About this exercise: Report every line of the records that includes the word "epsilon".

***

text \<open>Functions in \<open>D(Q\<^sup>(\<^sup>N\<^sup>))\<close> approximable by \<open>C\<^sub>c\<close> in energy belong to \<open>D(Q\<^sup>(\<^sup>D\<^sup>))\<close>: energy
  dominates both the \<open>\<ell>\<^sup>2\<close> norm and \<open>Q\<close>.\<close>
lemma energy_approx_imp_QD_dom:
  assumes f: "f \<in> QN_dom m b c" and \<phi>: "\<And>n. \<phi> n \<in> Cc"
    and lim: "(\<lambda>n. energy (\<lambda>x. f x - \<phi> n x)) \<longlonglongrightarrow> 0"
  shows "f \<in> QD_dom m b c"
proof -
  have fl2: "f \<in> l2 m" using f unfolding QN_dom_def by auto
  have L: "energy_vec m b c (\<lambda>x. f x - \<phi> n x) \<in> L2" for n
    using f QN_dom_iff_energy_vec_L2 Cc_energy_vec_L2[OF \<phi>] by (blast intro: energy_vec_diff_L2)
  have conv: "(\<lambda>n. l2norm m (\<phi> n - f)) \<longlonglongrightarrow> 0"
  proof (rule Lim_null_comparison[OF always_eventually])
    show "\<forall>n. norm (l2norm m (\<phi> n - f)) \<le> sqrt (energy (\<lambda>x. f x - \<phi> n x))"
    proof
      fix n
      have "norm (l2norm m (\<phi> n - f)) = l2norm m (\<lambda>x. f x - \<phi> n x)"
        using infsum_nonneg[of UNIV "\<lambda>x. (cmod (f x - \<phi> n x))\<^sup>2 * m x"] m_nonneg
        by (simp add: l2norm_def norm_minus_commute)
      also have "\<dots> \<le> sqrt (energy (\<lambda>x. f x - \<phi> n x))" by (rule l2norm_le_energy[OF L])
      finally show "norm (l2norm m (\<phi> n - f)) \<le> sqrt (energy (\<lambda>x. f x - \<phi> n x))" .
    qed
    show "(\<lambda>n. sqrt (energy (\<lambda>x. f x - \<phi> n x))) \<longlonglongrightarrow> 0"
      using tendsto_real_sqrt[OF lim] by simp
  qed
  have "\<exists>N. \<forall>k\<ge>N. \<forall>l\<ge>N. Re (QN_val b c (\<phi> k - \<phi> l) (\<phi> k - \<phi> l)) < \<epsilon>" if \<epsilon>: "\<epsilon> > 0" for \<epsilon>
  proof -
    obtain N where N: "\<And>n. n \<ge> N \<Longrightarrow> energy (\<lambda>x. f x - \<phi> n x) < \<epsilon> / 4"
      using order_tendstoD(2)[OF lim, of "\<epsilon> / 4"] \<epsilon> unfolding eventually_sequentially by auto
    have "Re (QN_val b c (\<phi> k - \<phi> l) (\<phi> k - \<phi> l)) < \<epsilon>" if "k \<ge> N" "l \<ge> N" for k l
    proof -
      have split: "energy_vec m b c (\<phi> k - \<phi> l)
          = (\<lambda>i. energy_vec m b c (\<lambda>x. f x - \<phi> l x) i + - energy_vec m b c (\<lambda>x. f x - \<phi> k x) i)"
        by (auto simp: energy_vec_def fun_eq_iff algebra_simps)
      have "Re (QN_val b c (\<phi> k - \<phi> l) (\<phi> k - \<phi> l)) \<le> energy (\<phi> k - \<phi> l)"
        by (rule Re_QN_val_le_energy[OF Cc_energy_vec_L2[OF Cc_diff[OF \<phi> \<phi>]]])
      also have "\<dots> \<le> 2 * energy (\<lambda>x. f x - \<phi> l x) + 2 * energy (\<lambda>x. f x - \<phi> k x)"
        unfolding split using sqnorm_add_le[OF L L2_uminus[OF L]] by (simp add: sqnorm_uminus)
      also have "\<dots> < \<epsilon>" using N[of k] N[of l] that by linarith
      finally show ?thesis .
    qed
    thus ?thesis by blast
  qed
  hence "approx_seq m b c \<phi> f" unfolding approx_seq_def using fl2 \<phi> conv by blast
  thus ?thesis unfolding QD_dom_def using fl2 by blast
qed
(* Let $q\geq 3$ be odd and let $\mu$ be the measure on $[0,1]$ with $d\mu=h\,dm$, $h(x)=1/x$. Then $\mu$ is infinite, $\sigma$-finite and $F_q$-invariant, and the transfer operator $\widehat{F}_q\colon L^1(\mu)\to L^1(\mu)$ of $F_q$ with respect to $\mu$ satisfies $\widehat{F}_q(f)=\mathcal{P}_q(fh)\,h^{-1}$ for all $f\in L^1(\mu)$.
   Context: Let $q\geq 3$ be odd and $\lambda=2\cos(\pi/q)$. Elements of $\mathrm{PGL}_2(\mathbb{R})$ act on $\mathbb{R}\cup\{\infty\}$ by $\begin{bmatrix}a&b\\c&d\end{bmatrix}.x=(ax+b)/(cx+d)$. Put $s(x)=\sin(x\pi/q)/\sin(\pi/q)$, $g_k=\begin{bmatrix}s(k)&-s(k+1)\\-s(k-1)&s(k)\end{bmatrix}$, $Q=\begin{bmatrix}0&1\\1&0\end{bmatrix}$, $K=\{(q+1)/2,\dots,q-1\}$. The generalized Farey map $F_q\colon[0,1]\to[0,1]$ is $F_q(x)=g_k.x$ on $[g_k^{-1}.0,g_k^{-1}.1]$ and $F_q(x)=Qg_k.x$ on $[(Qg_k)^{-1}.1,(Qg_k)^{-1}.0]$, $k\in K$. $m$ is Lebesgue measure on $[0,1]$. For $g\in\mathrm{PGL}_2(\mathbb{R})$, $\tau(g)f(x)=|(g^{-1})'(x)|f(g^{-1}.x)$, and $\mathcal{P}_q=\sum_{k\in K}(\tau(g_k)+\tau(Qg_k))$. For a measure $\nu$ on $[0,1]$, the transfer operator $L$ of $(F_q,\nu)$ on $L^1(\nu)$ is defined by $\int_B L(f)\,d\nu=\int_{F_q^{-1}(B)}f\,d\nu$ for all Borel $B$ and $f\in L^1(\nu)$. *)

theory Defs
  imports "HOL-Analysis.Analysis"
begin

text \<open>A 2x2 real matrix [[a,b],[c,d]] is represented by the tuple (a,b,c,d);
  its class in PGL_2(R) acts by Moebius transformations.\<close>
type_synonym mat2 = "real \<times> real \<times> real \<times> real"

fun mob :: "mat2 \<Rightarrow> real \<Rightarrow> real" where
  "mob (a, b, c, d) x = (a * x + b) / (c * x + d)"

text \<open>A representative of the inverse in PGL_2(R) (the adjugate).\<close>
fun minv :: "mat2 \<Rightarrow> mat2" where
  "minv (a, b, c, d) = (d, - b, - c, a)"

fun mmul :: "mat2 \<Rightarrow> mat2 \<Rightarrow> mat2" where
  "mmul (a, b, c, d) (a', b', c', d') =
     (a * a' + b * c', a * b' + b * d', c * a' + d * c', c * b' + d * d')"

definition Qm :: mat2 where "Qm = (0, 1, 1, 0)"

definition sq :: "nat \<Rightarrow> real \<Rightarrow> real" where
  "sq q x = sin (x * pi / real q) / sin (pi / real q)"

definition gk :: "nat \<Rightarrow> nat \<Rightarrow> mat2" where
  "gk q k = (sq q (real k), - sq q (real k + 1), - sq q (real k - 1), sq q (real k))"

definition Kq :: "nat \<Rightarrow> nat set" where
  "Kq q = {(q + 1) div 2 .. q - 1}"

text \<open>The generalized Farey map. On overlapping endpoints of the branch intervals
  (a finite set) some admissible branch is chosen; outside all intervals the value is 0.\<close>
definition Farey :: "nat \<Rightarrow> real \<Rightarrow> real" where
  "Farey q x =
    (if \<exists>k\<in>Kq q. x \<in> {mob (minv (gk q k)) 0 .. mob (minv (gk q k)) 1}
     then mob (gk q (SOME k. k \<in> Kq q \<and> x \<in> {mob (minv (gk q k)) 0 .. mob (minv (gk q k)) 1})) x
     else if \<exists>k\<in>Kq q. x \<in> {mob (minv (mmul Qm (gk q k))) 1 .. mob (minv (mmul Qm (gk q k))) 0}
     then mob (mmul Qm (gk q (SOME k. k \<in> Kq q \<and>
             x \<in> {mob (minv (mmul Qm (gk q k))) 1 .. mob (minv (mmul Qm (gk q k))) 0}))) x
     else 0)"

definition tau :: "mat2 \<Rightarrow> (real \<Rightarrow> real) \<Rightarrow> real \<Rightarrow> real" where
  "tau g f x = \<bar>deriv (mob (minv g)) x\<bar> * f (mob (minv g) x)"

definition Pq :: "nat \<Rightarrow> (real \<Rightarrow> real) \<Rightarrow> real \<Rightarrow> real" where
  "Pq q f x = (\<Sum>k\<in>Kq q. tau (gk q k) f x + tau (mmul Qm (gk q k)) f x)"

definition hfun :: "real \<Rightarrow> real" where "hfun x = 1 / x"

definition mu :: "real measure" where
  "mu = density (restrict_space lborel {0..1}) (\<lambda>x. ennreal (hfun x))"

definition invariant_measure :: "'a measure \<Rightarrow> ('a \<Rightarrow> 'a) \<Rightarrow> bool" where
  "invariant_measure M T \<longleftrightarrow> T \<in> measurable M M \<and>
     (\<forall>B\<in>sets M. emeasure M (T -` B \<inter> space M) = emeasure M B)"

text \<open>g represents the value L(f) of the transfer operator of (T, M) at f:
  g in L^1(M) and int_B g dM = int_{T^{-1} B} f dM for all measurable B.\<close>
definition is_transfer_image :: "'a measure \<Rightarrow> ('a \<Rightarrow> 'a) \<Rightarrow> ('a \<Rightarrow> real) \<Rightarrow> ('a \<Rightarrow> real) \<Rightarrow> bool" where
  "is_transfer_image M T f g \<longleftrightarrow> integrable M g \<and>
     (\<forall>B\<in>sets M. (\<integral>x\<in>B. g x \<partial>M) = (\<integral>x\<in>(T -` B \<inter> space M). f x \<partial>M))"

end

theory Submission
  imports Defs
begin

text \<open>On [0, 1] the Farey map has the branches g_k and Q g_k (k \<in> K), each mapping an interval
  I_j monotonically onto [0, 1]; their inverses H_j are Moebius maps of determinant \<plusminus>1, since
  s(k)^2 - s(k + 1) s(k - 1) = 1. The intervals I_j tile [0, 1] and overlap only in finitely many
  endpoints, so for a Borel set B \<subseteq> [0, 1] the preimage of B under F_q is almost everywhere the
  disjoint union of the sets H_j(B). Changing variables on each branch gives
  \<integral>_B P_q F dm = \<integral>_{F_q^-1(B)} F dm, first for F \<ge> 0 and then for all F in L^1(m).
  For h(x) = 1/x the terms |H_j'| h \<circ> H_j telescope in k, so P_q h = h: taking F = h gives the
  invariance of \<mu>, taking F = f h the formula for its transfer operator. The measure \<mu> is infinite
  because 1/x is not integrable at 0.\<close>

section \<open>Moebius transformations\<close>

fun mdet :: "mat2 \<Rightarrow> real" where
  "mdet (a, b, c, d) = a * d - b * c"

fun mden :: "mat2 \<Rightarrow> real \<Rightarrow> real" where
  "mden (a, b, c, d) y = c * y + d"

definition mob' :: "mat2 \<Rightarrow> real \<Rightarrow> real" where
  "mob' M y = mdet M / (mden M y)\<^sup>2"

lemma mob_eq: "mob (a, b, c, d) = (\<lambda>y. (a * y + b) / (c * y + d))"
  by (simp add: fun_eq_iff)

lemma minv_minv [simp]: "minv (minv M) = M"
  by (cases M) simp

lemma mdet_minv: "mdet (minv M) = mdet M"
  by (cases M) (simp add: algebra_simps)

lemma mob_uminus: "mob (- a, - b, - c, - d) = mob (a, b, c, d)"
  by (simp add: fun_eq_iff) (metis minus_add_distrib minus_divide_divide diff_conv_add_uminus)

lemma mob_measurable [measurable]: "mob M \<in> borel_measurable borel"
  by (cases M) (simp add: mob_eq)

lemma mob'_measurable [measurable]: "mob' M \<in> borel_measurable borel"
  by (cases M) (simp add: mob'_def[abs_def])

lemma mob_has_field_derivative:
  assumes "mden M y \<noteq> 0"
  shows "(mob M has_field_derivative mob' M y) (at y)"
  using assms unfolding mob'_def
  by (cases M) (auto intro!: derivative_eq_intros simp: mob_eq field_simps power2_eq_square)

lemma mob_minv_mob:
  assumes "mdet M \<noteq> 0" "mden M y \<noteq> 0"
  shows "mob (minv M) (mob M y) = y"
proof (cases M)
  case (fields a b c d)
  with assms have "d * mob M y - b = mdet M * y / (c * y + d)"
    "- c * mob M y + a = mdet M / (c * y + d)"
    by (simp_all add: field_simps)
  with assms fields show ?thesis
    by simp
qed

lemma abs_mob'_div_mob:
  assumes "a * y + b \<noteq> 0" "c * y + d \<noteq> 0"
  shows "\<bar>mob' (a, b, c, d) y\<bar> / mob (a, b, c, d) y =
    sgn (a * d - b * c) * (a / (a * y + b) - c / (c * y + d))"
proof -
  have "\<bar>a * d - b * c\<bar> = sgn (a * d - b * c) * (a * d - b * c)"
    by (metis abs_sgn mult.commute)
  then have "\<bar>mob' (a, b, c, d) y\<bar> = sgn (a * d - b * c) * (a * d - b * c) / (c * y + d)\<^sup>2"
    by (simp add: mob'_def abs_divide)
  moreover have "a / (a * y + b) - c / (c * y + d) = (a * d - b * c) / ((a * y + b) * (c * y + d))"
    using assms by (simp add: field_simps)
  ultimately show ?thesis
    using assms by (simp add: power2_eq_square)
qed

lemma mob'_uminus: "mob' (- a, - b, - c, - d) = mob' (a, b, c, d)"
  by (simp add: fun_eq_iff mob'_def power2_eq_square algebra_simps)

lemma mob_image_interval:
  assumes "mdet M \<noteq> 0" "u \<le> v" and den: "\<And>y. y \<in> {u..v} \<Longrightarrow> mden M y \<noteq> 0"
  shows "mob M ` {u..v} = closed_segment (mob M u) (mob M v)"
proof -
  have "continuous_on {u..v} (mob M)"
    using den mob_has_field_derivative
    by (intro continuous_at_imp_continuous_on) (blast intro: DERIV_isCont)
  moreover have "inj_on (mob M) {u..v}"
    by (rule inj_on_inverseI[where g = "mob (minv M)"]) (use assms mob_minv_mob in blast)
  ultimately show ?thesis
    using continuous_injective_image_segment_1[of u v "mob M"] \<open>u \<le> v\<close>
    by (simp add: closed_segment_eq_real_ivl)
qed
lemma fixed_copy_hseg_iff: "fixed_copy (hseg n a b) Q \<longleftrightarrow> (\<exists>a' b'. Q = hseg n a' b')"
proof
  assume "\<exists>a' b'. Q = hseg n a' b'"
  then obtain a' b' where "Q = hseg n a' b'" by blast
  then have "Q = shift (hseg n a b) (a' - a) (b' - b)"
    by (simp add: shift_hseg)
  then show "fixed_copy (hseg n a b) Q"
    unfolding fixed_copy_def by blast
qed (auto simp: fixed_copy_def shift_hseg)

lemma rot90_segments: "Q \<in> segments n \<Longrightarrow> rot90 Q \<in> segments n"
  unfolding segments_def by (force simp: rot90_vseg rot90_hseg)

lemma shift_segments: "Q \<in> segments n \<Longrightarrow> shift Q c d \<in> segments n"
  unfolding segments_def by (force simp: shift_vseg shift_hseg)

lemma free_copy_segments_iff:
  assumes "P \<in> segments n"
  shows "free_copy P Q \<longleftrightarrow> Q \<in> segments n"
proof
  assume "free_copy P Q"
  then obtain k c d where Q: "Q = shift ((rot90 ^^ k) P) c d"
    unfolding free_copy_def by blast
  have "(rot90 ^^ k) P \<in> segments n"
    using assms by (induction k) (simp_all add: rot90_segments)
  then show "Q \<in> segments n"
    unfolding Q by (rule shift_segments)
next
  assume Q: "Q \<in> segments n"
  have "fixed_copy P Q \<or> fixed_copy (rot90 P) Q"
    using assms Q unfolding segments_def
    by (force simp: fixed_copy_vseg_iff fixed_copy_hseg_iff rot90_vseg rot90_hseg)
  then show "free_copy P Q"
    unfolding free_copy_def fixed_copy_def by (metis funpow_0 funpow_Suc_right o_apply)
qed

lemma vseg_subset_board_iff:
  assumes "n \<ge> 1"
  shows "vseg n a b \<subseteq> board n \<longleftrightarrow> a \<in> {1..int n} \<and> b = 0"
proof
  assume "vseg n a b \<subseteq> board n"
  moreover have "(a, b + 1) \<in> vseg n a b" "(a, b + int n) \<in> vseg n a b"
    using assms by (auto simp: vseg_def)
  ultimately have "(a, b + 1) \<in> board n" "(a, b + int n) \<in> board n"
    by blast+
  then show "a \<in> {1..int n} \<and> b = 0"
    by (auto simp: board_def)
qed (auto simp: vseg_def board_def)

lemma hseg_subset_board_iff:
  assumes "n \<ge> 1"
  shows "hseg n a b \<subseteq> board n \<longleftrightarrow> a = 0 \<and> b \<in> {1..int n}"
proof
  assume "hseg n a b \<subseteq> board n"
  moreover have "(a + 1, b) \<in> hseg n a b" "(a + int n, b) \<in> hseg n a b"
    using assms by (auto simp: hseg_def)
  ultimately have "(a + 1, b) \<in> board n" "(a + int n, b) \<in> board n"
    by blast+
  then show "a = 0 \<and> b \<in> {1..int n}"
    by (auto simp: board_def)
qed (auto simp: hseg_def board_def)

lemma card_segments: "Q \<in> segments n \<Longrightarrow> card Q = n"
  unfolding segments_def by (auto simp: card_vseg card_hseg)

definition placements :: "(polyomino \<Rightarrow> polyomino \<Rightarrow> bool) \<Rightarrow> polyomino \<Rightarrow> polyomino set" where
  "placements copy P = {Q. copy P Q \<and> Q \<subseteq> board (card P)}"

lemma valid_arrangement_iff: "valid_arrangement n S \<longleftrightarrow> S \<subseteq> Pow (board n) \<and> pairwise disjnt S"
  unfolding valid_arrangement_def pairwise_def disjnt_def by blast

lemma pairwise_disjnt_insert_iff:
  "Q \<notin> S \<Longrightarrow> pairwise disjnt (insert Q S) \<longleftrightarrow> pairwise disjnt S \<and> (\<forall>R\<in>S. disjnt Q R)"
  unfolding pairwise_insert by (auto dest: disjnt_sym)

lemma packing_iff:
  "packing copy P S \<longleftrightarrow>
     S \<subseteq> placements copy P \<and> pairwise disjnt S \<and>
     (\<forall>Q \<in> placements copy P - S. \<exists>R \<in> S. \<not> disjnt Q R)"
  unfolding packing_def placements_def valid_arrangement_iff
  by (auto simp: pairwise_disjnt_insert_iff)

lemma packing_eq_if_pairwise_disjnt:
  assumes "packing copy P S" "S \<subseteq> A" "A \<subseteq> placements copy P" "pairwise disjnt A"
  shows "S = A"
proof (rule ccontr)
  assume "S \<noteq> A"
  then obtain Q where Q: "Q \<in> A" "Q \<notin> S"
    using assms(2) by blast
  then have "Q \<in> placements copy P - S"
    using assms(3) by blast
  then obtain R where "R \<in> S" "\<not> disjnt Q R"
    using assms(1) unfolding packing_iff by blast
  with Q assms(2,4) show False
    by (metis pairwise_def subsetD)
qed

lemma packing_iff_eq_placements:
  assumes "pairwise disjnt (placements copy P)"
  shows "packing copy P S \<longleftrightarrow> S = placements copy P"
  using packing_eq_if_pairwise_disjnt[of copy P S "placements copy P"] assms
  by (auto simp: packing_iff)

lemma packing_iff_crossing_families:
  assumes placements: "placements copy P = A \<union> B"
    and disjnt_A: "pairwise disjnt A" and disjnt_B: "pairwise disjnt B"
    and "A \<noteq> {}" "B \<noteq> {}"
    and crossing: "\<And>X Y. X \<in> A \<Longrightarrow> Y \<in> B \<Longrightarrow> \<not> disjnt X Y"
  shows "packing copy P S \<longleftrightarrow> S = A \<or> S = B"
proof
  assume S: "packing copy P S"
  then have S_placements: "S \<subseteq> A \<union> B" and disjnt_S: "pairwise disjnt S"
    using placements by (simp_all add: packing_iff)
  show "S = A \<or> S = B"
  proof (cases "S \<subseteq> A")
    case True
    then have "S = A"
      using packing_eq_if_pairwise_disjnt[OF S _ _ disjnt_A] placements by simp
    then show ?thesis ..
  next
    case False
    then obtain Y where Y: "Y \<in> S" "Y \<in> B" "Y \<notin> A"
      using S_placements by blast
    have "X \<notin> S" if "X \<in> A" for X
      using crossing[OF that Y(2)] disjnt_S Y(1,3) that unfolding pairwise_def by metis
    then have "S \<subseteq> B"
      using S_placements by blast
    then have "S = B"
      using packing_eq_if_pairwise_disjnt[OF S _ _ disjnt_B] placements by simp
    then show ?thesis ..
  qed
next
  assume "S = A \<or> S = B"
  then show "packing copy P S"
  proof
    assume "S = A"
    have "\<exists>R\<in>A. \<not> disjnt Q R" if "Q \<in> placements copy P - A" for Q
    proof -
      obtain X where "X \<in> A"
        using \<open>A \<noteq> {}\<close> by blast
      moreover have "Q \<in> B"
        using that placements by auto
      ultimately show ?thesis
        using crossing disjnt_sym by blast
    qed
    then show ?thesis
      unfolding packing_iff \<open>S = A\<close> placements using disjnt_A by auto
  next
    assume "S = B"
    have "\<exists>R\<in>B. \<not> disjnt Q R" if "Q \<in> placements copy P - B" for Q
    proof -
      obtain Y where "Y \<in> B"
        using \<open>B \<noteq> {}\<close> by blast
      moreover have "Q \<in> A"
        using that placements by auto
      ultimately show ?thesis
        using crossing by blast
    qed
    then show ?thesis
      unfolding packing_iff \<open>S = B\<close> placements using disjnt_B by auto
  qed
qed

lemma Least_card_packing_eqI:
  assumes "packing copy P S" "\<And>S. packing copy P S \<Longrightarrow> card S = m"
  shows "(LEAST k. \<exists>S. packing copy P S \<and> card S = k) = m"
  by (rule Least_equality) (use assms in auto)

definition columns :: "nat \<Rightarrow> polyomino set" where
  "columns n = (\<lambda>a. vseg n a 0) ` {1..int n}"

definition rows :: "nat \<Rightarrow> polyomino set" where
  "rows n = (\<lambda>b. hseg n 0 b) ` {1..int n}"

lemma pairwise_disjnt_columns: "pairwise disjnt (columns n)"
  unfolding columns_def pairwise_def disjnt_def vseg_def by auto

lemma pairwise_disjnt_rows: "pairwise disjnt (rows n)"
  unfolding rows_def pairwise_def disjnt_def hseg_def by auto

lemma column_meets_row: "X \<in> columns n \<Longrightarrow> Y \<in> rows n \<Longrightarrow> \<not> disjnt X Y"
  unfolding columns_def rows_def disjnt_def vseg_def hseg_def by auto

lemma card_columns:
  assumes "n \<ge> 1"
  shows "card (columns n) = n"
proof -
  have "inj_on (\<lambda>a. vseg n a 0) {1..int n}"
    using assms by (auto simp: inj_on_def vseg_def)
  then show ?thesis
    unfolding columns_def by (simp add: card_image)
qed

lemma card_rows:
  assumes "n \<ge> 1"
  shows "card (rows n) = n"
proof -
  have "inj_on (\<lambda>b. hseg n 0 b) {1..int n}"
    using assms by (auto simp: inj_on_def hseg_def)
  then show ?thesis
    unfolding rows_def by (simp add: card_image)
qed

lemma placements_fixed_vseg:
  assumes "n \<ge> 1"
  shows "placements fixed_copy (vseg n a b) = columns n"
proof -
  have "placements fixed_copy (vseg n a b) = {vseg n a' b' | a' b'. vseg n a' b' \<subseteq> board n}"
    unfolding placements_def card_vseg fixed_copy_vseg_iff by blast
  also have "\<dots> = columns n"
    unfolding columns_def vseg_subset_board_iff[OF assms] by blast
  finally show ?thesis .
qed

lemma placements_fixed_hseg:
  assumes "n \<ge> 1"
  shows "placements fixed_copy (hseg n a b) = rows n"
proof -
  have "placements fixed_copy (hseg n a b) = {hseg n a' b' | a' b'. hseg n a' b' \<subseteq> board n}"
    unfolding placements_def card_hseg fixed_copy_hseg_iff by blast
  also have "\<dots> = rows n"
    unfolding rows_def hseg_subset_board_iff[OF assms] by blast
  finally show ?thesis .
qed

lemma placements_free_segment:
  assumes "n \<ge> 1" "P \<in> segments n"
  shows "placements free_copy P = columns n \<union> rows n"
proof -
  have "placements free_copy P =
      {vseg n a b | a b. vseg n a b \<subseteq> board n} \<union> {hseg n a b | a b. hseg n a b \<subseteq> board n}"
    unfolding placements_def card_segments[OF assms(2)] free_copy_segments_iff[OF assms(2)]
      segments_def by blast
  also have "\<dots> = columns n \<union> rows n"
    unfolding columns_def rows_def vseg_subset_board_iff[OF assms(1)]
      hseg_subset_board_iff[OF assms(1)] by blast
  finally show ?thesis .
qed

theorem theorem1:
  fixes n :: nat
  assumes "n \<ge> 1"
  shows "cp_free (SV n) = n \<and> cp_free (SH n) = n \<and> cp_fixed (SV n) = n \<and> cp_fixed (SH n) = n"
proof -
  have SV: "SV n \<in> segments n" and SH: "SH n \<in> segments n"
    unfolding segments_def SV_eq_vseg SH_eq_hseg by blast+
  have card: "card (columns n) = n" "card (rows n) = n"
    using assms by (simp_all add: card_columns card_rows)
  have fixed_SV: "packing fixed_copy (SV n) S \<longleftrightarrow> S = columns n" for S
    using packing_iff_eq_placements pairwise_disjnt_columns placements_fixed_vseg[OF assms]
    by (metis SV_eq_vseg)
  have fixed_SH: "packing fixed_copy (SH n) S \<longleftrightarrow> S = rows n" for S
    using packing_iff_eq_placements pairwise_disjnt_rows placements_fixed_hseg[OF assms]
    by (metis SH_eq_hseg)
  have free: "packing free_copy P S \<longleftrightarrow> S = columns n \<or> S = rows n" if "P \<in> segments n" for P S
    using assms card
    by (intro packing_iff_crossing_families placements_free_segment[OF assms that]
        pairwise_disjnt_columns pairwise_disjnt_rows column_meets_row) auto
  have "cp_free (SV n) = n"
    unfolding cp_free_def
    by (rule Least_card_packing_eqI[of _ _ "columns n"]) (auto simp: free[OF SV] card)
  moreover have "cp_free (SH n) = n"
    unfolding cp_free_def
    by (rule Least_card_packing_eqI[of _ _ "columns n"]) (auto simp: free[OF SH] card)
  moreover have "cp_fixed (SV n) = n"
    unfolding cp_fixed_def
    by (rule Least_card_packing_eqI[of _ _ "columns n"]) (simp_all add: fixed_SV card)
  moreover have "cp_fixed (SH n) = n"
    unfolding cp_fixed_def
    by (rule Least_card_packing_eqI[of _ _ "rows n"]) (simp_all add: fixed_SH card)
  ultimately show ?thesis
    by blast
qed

***

Written solution:
  have "\<exists>N. \<forall>k\<ge>N. \<forall>l\<ge>N. Re (QN_val b c (\<phi> k - \<phi> l) (\<phi> k - \<phi> l)) < \<epsilon>" if \<epsilon>: "\<epsilon> > 0" for \<epsilon>
    obtain N where N: "\<And>n. n \<ge> N \<Longrightarrow> energy (\<lambda>x. f x - \<phi> n x) < \<epsilon> / 4"
      using order_tendstoD(2)[OF lim, of "\<epsilon> / 4"] \<epsilon> unfolding eventually_sequentially by auto
    have "Re (QN_val b c (\<phi> k - \<phi> l) (\<phi> k - \<phi> l)) < \<epsilon>" if "k \<ge> N" "l \<ge> N" for k l
      also have "\<dots> < \<epsilon>" using N[of k] N[of l] that by linarith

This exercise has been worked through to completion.